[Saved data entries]
============================================================
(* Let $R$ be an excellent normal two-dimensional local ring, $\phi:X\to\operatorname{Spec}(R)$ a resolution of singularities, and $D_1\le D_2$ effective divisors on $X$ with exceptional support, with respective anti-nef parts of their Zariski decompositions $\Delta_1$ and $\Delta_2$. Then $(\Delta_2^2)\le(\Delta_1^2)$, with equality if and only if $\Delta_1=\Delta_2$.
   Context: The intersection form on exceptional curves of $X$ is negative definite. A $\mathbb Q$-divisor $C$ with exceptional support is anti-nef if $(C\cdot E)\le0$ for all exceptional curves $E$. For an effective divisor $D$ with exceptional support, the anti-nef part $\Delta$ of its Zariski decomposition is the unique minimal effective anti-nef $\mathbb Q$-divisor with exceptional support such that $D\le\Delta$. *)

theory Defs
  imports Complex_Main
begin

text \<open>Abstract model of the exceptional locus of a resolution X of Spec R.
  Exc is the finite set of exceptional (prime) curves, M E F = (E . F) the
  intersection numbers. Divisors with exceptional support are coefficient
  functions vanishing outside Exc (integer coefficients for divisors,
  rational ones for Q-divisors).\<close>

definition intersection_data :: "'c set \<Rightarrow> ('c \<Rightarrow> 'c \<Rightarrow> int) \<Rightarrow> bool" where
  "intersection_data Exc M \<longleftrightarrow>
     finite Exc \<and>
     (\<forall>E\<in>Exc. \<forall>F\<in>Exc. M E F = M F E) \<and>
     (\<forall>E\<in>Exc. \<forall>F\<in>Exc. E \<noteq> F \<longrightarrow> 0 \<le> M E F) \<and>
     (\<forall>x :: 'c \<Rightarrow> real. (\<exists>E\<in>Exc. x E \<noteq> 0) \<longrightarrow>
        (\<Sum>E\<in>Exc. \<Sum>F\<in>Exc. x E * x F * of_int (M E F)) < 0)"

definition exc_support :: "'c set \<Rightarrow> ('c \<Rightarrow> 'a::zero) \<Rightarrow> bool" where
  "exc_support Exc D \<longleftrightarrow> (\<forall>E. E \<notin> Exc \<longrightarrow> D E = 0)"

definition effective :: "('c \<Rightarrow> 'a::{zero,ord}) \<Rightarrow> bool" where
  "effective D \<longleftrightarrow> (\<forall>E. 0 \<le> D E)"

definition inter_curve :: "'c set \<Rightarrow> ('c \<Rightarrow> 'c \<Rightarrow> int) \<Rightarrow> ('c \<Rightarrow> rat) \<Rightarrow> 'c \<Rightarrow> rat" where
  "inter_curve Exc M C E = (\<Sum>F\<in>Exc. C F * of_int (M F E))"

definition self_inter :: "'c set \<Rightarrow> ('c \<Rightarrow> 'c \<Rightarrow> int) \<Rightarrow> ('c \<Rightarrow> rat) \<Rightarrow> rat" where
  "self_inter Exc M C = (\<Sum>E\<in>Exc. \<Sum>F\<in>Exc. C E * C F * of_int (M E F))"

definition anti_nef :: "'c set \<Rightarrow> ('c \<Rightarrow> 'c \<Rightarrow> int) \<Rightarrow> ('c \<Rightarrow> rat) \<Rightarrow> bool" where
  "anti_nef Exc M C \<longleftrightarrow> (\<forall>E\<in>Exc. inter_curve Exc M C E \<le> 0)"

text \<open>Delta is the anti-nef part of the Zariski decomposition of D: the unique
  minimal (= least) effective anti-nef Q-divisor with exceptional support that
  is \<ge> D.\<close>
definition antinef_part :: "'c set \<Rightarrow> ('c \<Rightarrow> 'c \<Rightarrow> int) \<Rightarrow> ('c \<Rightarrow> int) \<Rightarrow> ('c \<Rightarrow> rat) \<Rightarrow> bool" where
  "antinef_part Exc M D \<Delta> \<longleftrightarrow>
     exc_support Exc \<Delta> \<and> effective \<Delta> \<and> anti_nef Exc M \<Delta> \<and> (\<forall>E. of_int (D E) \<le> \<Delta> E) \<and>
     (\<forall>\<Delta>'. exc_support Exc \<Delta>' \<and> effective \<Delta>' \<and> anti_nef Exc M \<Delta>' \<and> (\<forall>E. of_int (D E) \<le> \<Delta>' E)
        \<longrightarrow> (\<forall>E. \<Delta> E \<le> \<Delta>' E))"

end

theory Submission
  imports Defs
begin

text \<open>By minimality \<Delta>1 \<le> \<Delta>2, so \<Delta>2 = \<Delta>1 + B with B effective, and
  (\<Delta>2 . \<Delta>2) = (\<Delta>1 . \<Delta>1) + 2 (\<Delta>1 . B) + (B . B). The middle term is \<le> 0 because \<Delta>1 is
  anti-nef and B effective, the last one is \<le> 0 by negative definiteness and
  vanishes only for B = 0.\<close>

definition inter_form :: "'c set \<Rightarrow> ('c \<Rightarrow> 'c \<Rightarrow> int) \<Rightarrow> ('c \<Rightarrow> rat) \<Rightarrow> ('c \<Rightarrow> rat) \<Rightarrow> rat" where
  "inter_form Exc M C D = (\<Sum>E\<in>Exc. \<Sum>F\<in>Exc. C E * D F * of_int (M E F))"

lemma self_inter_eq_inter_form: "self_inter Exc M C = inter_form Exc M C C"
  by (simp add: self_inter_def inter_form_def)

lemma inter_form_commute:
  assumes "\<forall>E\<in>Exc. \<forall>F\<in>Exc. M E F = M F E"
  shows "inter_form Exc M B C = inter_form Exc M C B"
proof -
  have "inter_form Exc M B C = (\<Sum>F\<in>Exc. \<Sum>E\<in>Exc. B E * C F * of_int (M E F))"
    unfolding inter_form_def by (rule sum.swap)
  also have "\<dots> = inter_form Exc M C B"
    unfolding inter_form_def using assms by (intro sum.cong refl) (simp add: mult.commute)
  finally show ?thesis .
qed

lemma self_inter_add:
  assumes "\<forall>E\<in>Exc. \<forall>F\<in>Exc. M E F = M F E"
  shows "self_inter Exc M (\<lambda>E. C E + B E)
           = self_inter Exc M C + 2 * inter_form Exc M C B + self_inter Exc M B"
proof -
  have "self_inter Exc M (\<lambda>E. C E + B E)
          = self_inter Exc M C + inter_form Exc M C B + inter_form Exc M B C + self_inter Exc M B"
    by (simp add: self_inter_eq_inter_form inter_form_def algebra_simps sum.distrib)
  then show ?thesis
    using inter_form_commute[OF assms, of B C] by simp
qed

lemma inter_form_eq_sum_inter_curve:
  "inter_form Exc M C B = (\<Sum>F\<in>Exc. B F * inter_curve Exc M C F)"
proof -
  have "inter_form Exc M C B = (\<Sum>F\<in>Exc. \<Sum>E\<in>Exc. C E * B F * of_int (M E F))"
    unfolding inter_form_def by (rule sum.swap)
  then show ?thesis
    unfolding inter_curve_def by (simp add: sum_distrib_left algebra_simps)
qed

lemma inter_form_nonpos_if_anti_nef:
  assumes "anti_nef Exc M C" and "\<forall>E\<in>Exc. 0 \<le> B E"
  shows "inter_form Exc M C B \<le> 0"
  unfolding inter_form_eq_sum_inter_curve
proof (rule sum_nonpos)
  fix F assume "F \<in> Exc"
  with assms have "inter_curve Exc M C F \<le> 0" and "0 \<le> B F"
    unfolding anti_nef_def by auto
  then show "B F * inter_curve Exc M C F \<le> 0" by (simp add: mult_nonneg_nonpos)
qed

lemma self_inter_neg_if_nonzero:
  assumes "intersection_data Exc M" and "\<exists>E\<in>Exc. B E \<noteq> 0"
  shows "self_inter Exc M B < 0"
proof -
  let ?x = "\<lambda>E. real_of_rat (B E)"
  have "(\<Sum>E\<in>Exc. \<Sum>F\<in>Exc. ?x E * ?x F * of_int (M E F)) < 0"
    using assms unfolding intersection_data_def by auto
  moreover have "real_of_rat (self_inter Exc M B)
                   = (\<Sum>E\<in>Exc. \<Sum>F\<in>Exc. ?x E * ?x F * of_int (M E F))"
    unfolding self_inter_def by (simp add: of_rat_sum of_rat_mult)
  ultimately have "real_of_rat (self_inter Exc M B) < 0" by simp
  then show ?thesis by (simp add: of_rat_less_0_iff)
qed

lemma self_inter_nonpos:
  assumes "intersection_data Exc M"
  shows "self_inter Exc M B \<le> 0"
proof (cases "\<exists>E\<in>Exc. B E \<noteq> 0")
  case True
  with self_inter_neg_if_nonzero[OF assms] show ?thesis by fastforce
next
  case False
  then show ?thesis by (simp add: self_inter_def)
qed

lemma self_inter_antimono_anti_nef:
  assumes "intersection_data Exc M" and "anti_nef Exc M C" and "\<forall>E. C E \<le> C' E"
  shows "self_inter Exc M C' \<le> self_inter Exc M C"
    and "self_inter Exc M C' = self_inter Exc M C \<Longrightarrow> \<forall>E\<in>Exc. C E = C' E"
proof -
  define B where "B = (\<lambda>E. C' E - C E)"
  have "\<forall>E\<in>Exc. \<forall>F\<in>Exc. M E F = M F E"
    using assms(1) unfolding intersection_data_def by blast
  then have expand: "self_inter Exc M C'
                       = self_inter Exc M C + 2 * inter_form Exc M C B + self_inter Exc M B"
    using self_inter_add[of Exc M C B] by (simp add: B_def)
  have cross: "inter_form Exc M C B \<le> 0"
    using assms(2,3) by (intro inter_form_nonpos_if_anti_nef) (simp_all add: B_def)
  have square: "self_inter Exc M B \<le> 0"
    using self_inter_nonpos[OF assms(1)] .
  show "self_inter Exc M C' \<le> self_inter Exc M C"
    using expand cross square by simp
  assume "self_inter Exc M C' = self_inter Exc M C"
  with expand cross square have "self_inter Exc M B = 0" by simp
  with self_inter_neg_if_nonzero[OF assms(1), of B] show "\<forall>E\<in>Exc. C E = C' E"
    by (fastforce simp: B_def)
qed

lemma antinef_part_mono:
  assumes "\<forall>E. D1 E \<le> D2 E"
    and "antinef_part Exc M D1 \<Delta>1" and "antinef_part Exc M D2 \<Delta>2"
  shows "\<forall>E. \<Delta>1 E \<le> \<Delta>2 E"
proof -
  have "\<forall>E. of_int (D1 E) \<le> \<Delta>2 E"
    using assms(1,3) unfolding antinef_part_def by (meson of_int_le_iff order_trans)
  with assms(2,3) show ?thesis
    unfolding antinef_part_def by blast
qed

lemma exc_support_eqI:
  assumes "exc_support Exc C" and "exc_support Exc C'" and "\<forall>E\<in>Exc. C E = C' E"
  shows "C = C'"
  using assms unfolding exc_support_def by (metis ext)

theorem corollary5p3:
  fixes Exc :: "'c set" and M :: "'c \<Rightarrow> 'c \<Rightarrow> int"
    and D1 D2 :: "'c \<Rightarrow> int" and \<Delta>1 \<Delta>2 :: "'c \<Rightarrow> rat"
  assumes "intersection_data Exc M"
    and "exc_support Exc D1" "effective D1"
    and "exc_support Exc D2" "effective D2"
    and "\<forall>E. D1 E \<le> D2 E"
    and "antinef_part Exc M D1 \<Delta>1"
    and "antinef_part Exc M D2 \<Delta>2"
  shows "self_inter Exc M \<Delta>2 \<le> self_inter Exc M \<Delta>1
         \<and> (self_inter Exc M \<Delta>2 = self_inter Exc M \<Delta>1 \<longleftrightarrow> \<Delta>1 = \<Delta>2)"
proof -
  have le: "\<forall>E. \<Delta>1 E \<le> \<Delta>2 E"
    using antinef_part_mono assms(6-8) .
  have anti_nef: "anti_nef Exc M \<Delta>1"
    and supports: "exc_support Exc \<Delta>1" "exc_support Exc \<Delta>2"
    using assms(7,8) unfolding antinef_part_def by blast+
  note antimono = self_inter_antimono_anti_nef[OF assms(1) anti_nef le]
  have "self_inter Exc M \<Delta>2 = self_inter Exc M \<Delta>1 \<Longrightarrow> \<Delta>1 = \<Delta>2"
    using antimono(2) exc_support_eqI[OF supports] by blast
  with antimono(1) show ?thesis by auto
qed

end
============================================================
» WORK TO BE COMPLETED: Which lines in the records above contain the string "exists"? Copy them.

» REPLY:
     (\<forall>x :: 'c \<Rightarrow> real. (\<exists>E\<in>Exc. x E \<noteq> 0) \<longrightarrow>
  assumes "intersection_data Exc M" and "\<exists>E\<in>Exc. B E \<noteq> 0"
proof (cases "\<exists>E\<in>Exc. B E \<noteq> 0")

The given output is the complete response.